"We Wish to Inform You That Tomorrow We Will be Killed with Our Families"
by Philip Gourevitch
Link: http://www.amazon.co.uk/Wish-Inform-Tomorrow-Killed-Families/dp/0330371215/
Reading history and reviews
Finished on 14th March 2009
A friend gave this to me last year, but it's sat on my bookshelf for some time I suppose because - knowing that it's about the Rwandan genocide of 1994 - I thought that it would be gruesome and disturbing. It turns out that while of course there are many gruesome episodes (although Philip Gourevitch doesn't particularly dwell on them), it is disturbing more for the questions that it raises about the international response as much as those about how the genocide initially took place.
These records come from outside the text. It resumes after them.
(* Let $\delta>0$ be an ordinal and $\mathcal I_{\omega^\delta}=\{I\subset\omega^\delta:\omega^\delta\not\hookrightarrow I\}$. Then $\mathcal I_{\omega^\delta}$ is an ideal of $P(\omega^\delta)$ and (a) $\mathbb P(\omega^\delta)=\langle \mathcal I_{\omega^\delta}^+,\subset\rangle$, $\mathrm{sm}(\mathbb P(\omega^\delta))=\langle\mathcal I_{\omega^\delta}^+,\subset_{\mathcal I_{\omega^\delta}}\rangle$ and $\mathrm{sq}(\mathbb P(\omega^\delta))=(P(\omega^\delta)/\mathcal I_{\omega^\delta})^+$; (b) if $\delta\ge\omega$, then $|\mathrm{sq}(\mathbb P(\omega^\delta))|\le 2^{|\delta|}$.
   Context: $\mathbb P(X)$ is the set of subsets of the ordinal $X$ order-isomorphic to $X$, ordered by inclusion. $L\hookrightarrow A$ means $L$ order-embeds into $A$. For an ideal $\mathcal I$ on a set $X$, $\mathcal I^+=P(X)\setminus\mathcal I$, and $A\subset_{\mathcal I}B$ iff $A\setminus B\in\mathcal I$; $(P(X)/\mathcal I)^+$ is the set of nonzero elements of the quotient Boolean algebra. $\mathrm{sm}$ and $\mathrm{sq}$ denote separative modification and separative quotient of a preorder ($p\le^*q$ iff every $r\le p$ has some $s\le r$ with $s\le q$; $\mathrm{sq}$ is the antisymmetric quotient of $\le^*$). *)

theory Defs
  imports Main
begin

text \<open>Ordinals are represented by well-order relations (as in HOL's BNF cardinal library).
The ordinal power omega^delta is represented by the standard construction: finitely supported
functions from the field of delta to the naturals, compared at the largest point
(w.r.t. delta) where they differ.\<close>

definition omega_exp_carrier :: "'b rel \<Rightarrow> ('b \<Rightarrow> nat) set" where
  "omega_exp_carrier d = {f. finite {x. f x \<noteq> 0} \<and> (\<forall>x. x \<notin> Field d \<longrightarrow> f x = 0)}"

definition omega_exp :: "'b rel \<Rightarrow> ('b \<Rightarrow> nat) rel" where
  "omega_exp d = {(f, g). f \<in> omega_exp_carrier d \<and> g \<in> omega_exp_carrier d \<and>
      (f = g \<or> (\<exists>x \<in> Field d. f x < g x \<and>
                 (\<forall>y \<in> Field d. (x, y) \<in> d \<and> y \<noteq> x \<longrightarrow> f y = g y)))}"

definition oemb :: "'a rel \<Rightarrow> 'a set \<Rightarrow> bool" where
  "oemb r A = (\<exists>f. f ` Field r \<subseteq> A \<and>
     (\<forall>x \<in> Field r. \<forall>y \<in> Field r. (x, y) \<in> r \<and> x \<noteq> y \<longrightarrow> (f x, f y) \<in> r \<and> f x \<noteq> f y))"

definition PP :: "'a rel \<Rightarrow> 'a set set" where
  "PP r = {A. A \<subseteq> Field r \<and> (\<exists>f. bij_betw f (Field r) A \<and>
     (\<forall>x \<in> Field r. \<forall>y \<in> Field r. (x, y) \<in> r \<longleftrightarrow> (f x, f y) \<in> r))}"

definition emb_ideal :: "'a rel \<Rightarrow> 'a set set" where
  "emb_ideal r = {I. I \<subseteq> Field r \<and> \<not> oemb r I}"

definition is_ideal :: "'a set \<Rightarrow> 'a set set \<Rightarrow> bool" where
  "is_ideal X I = (I \<subseteq> Pow X \<and> {} \<in> I \<and> X \<notin> I \<and>
     (\<forall>A \<in> I. \<forall>B. B \<subseteq> A \<longrightarrow> B \<in> I) \<and> (\<forall>A \<in> I. \<forall>B \<in> I. A \<union> B \<in> I))"

definition sep_le :: "'p set \<Rightarrow> ('p \<Rightarrow> 'p \<Rightarrow> bool) \<Rightarrow> 'p \<Rightarrow> 'p \<Rightarrow> bool" where
  "sep_le P le p q = (\<forall>r \<in> P. le r p \<longrightarrow> (\<exists>s \<in> P. le s r \<and> le s q))"

definition sq_equiv :: "'p set \<Rightarrow> ('p \<Rightarrow> 'p \<Rightarrow> bool) \<Rightarrow> 'p rel" where
  "sq_equiv P le = {(p, q). p \<in> P \<and> q \<in> P \<and> sep_le P le p q \<and> sep_le P le q p}"

definition sq_carrier :: "'p set \<Rightarrow> ('p \<Rightarrow> 'p \<Rightarrow> bool) \<Rightarrow> 'p set set" where
  "sq_carrier P le = P // sq_equiv P le"

definition sq_le :: "'p set \<Rightarrow> ('p \<Rightarrow> 'p \<Rightarrow> bool) \<Rightarrow> 'p set \<Rightarrow> 'p set \<Rightarrow> bool" where
  "sq_le P le C D = (\<exists>p \<in> C. \<exists>q \<in> D. sep_le P le p q)"

definition bq_rel :: "'a set \<Rightarrow> 'a set set \<Rightarrow> 'a set rel" where
  "bq_rel X I = {(A, B). A \<subseteq> X \<and> B \<subseteq> X \<and> (A - B) \<union> (B - A) \<in> I}"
It's an absolutely compelling book.
Gourevitch essentially tells the story of the genocide and its aftermath in flashback, through the stories of the survivors that he interviews against the backdrop of Rwanda's continuing struggle to recover and rebuild. Initially he wants to understand how the organised mass killings of the Tutsi minority by the Hutu majority happened at all, after the two groups had lived together for centuries with few problems. But stepping back, there are more questions, such as why the international community was so reluctant to recognise those killings (which were not in the main frenzied mob attacks but quite methodical exterminations) - as "genocide", and intervene accordingly? How could the good intentions of international aid efforts result in a backwards logic that failed to halt the murder while simultaneously providing support to the very people who continued to commit it?
He discovers ideological distinctions made between the Tutsis and Hutus by European colonisers that were ultimately exploited by Hutu Power demogogues to demonise the Tutsis and justify the slaughter, which was made in part possible by the social culture of Rwanda, where people tend to act together ("if one goes, all go"). But the outside world also becomes complicit in the killing, by failing to act. Could it be that somehow it didn't fit the idea of what the international community thought genocide should "look" like? To me this is one of the most troubling questions raised by the book (and left unanswered). Ultimately the people who come out with the most dignity are the Rwandans themselves, who are forced to deal essentially on their own with the many difficult problems of rebuilding their country - and doing a much better job than that the (western) nations posturing and heckling from the sidelines.